The interconnectedness between these two artists begins with the loss of their fathers, both at an impressionable age and in traumatic circumstances. These events certainly account for the powerful relationship between action and meaning which may be a generic definition of an artist. Both artists also experienced career storms due to their aesthetic shifts: their work weathered severe condemnation from the critical press, from their peers and for the content of the imagery. For de Chirico, the traumatic loss of his railway engineer father at an early age in Athens and the subsequently nomadic life he then led contributed to a persistent, melancholia that is clearly present in the paintings. Whereas Philip Guston, born twenty-five years later, into an emigrant, Russian family and existing within a Jewish Ghetto in Montreal, had more immediate grounds for melancholia. His father’s suicide when Guston was eleven was a deeply traumatic event, and perhaps doubly so as Guston’s daughter recounts that it was Guston who discovered his dead body (Mayer, 1991: 34). From these beginnings, we can recognise how both artists came to operate from a nomadic and outsider sensibility.

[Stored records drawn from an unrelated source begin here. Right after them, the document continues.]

lemma convex_curve_near_point_on_graph:
  fixes X :: "real \<Rightarrow> real \<times> real" and C :: "(real \<times> real) set"
  assumes cvx: "convex C" and XC: "X ` I \<subseteq> frontier C" and I: "open I" "s0 \<in> I"
    and Xc: "isCont X s0"
    and frame: "norm e = 1" "norm n = 1" "inner e n = 0"
    and graph: "\<forall>t. \<bar>t\<bar> < d \<longrightarrow> (\<exists>s\<in>I. inner (X s - X s0) e = t \<and> inner (X s - X s0) n = f t)"
    and d: "d > 0" and conv: "strictly_convex_fun_on f {-d<..<d}"
    and nonneg: "\<And>t. \<bar>t\<bar> < d \<Longrightarrow> f t \<ge> 0" and f0: "f 0 = 0"
  defines "x \<equiv> \<lambda>s. inner (X s - X s0) e"
  shows "\<exists>\<epsilon>>0. \<forall>s. \<bar>s - s0\<bar> < \<epsilon> \<longrightarrow>
           s \<in> I \<and> \<bar>x s\<bar> < d \<and> X s = X s0 + x s *\<^sub>R e + f (x s) *\<^sub>R n"
proof -
  have D: "det2 e n \<noteq> 0" using orthonormal_frame_det2[OF frame] .
  define y where "y s = inner (X s - X s0) n" for s
  have coords: "X s = X s0 + x s *\<^sub>R e + y s *\<^sub>R n" for s
    using orthonormal_frame_expand[OF frame, of "X s - X s0"] unfolding x_def y_def
    by (simp add: algebra_simps)
  have on_graph: "X s0 + t *\<^sub>R e + f t *\<^sub>R n \<in> frontier C" if t: "\<bar>t\<bar> < d" for t
  proof -
    obtain s where "s \<in> I" "x s = t" "y s = f t"
      using graph t unfolding x_def y_def by blast
    then show ?thesis using coords[of s] XC by auto
  qed
  define b where "b = d / 2"
  have b: "0 < b" "b < d" using d unfolding b_def by auto
  have fb: "f (-b) > 0" "f b > 0"
    using strictly_convex_nonneg_pos[OF conv nonneg f0] b by auto
  have "isCont x s0" "isCont y s0"
    unfolding x_def y_def using Xc by (auto intro!: continuous_intros)
  then have x: "(x \<longlongrightarrow> 0) (nhds s0)" and y: "(y \<longlongrightarrow> 0) (nhds s0)"
    unfolding isCont_def tendsto_at_iff_tendsto_nhds by (simp_all add: x_def y_def)
  have "\<forall>\<^sub>F s in nhds s0. s \<in> I" using I eventually_nhds_in_open by blast
  moreover have "\<forall>\<^sub>F s in nhds s0. \<bar>x s\<bar> < b" using order_tendstoD(2)[OF tendsto_rabs_zero[OF x] b(1)] .
  moreover have "\<forall>\<^sub>F s in nhds s0. y s < min (f (-b)) (f b)"
    using order_tendstoD(2)[OF y, of "min (f (-b)) (f b)"] fb by simp
  ultimately have "\<forall>\<^sub>F s in nhds s0. s \<in> I \<and> \<bar>x s\<bar> < b \<and> y s < min (f (-b)) (f b)"
    by eventually_elim blast
  then obtain \<epsilon> where "\<epsilon> > 0"
    and \<epsilon>: "\<And>s. dist s s0 < \<epsilon> \<Longrightarrow> s \<in> I \<and> \<bar>x s\<bar> < b \<and> y s < min (f (-b)) (f b)"
    unfolding eventually_nhds_metric by blast
  have "s \<in> I \<and> \<bar>x s\<bar> < d \<and> X s = X s0 + x s *\<^sub>R e + f (x s) *\<^sub>R n" if "\<bar>s - s0\<bar> < \<epsilon>" for s
  proof -
    have s: "s \<in> I" "\<bar>x s\<bar> < b" "y s < min (f (-b)) (f b)"
      using \<epsilon> that by (auto simp: dist_real_def)
    have "X s0 + x s *\<^sub>R e + y s *\<^sub>R n \<in> frontier C"
      using XC s(1) coords[of s] by auto
    from convex_frontier_on_graph[OF cvx D on_graph conv b s(2) this] s(3)
    have "y s = f (x s)" by simp
    then show ?thesis using coords[of s] s b by auto
  qed
  with \<open>\<epsilon> > 0\<close> show ?thesis by blast
qed
lemma nn_integral_indicator_iid_event:
  assumes I: "finite I" "I \<noteq> {}" "I \<subseteq> {1..}" and A: "\<And>k. k \<in> I \<Longrightarrow> A k \<in> sets borel"
    and P: "\<And>w. w \<in> space M \<Longrightarrow> P w \<longleftrightarrow> (\<forall>k\<in>I. X k w \<in> A k)"
  shows "(\<integral>\<^sup>+w. (if P w then 1 else 0) \<partial>M) = ennreal (\<Prod>k\<in>I. measure mu (A k))"
proof -
  let ?E = "\<Inter>k\<in>I. X k -` A k \<inter> space M"
  have "?E \<in> sets M"
    using I A measurable_X by (intro sets.finite_INT) auto
  have "(\<integral>\<^sup>+w. (if P w then 1 else 0) \<partial>M) = (\<integral>\<^sup>+w. indicator ?E w \<partial>M)"
    using P I by (intro nn_integral_cong) (auto simp: indicator_def)
  also have "\<dots> = ennreal (prob ?E)"
    using \<open>?E \<in> sets M\<close> by (simp add: emeasure_eq_measure)
  also have "prob ?E = (\<Prod>k\<in>I. prob (X k -` A k \<inter> space M))"
    using A I by (intro indep_varsD[OF indep_X]) auto
  also have "\<dots> = (\<Prod>k\<in>I. measure mu (A k))"
  proof (rule prod.cong)
    fix k assume "k \<in> I"
    then have "1 \<le> k" "A k \<in> sets borel" using I A by auto
    then show "prob (X k -` A k \<inter> space M) = measure mu (A k)"
      using measurable_X[of k] by (simp add: measure_distr flip: distr_X)
  qed simp
  finally show ?thesis .
qed

lemma prod_measure_spacing_sets:
  "(\<Prod>l\<in>{1..Suc k}. measure mu (if l \<le> k then {..s} else {s<..})) = cdf mu s ^ k * (1 - cdf mu s)"
proof -
  have "(\<Prod>l\<in>{1..k}. measure mu (if l \<le> k then {..s} else {s<..})) = (\<Prod>l\<in>{1..k}. cdf mu s)"
    by (intro prod.cong) (auto simp: cdf_def)
  moreover have "(\<Prod>l\<in>{1..Suc k}. measure mu (if l \<le> k then {..s} else {s<..}))
     = measure mu {s<..} * (\<Prod>l\<in>{1..k}. measure mu (if l \<le> k then {..s} else {s<..}))"
    by (subst prod.nat_ivl_Suc') auto
  ultimately show ?thesis by (simp add: measure_greaterThan mult.commute)
qed

lemma prod_measure_spacing_pair_sets:
  assumes "1 \<le> i" "i < j"
  shows "(\<Prod>k\<in>{1..Suc j}. measure mu (spacing_pair_sets i j s t k))
     = cdf mu s ^ i * (if s < t then cdf mu t - cdf mu s else 0) * (cdf mu t ^ (j - Suc i) * (1 - cdf mu t))"
proof -
  have "(\<Prod>k\<in>{1..Suc j}. measure mu (spacing_pair_sets i j s t k))
    = (\<Prod>k\<in>{1..i}. measure mu (spacing_pair_sets i j s t k)) * measure mu (spacing_pair_sets i j s t (Suc i))
      * (\<Prod>k\<in>{Suc (Suc i)..j}. measure mu (spacing_pair_sets i j s t k)) * measure mu (spacing_pair_sets i j s t (Suc j))"
    by (rule prod_atLeastAtMost_Suc_split[OF assms])
  also have "(\<Prod>k\<in>{1..i}. measure mu (spacing_pair_sets i j s t k)) = (\<Prod>k\<in>{1..i}. cdf mu s)"
    by (intro prod.cong) (auto simp: spacing_pair_sets_def cdf_def)
  also have "(\<Prod>k\<in>{Suc (Suc i)..j}. measure mu (spacing_pair_sets i j s t k)) = (\<Prod>k\<in>{Suc (Suc i)..j}. cdf mu t)"
    by (intro prod.cong) (auto simp: spacing_pair_sets_def cdf_def)
  also have "measure mu (spacing_pair_sets i j s t (Suc i)) = (if s < t then cdf mu t - cdf mu s else 0)"
    by (auto simp: spacing_pair_sets_def mu.cdf_diff_eq)
  also have "measure mu (spacing_pair_sets i j s t (Suc j)) = 1 - cdf mu t"
    using assms by (simp add: spacing_pair_sets_def measure_greaterThan)
  finally show ?thesis by simp
qed

lemma nn_integral_spacing_indicator:
  assumes "1 \<le> k"
  shows "(\<integral>\<^sup>+w. spacing_indicator X k w s \<partial>M) = ennreal (cdf mu s ^ k * (1 - cdf mu s))"
  unfolding spacing_indicator_def prod_measure_spacing_sets[symmetric]
proof (rule nn_integral_indicator_iid_event)
  fix w
  show "(pmax X k w \<le> s \<and> s < X (Suc k) w)
    \<longleftrightarrow> (\<forall>l\<in>{1..Suc k}. X l w \<in> (if l \<le> k then {..s} else {s<..}))"
    by (rule spacing_event_iff[OF assms])
qed auto

lemma nn_integral_spacing_indicator_mult:
  assumes "1 \<le> i" "i < j"
  shows "(\<integral>\<^sup>+w. spacing_indicator X i w s * spacing_indicator X j w t \<partial>M)
    = ennreal (cdf mu s ^ i * (if s < t then cdf mu t - cdf mu s else 0) * (cdf mu t ^ (j - Suc i) * (1 - cdf mu t)))"
proof -
  have "(\<integral>\<^sup>+w. spacing_indicator X i w s * spacing_indicator X j w t \<partial>M)
    = (\<integral>\<^sup>+w. (if pmax X i w \<le> s \<and> s < X (Suc i) w \<and> pmax X j w \<le> t \<and> t < X (Suc j) w
                then 1 else 0) \<partial>M)"
    by (intro nn_integral_cong) (simp add: spacing_indicator_def)
  also have "\<dots> = ennreal (\<Prod>k\<in>{1..Suc j}. measure mu (spacing_pair_sets i j s t k))"
  proof (rule nn_integral_indicator_iid_event)
    fix w
    show "(pmax X i w \<le> s \<and> s < X (Suc i) w \<and> pmax X j w \<le> t \<and> t < X (Suc j) w)
       \<longleftrightarrow> (\<forall>k\<in>{1..Suc j}. X k w \<in> spacing_pair_sets i j s t k)"
      by (rule spacing_pair_event_iff[OF assms])
  qed (auto simp: spacing_pair_sets_def)
  finally show ?thesis by (simp only: prod_measure_spacing_pair_sets[OF assms])
qed

interpretation M_lborel: pair_sigma_finite M lborel ..

lemma nn_integral_pspacing:
  assumes "1 \<le> k"
  shows "(\<integral>\<^sup>+w. ennreal (pspacing X k w) \<partial>M)
    = (\<integral>\<^sup>+s. ennreal (cdf mu s ^ k * (1 - cdf mu s)) \<partial>lborel)"
proof -
  have "(\<integral>\<^sup>+w. ennreal (pspacing X k w) \<partial>M) = (\<integral>\<^sup>+w. \<integral>\<^sup>+s. spacing_indicator X k w s \<partial>lborel \<partial>M)"
    using assms by (simp add: pspacing_eq_nn_integral)
  also have "\<dots> = (\<integral>\<^sup>+s. \<integral>\<^sup>+w. spacing_indicator X k w s \<partial>M \<partial>lborel)"
    by (rule M_lborel.Fubini'[symmetric]) measurable
  finally show ?thesis by (simp add: nn_integral_spacing_indicator[OF assms])
qed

It is not difficult to see why Guston was attracted to de Chirico. The Italian had addressed the great spiritual nadir of the twentieth century in his painting. De Chirico’s enduring portrayals of Italian cities were imbued with a haunting enigmatic loss. Given his decision to address his feelings, Guston embarked on a quest to express the personal and the political while paying homage to his to his own narratives. Because de Chirico was well placed to comment on the events of the century and his education had given him access to German philosophy, particularly Schopenhauer and Nietzsche in Munich, these ingredients combined to create a kind of visual cosmology with which to frame his own melancholy and alienation (Nietzsche, 1993: 25). De Chirico’s imagery evolved at the beginning of the last century, just before the world had seen the horrific wastelands and losses in the Great War, so his alienated street scenes and non-figurative presences have the sense of a prophecy. His shadowed and depopulated porticoes argue a frightening world of loss and threat.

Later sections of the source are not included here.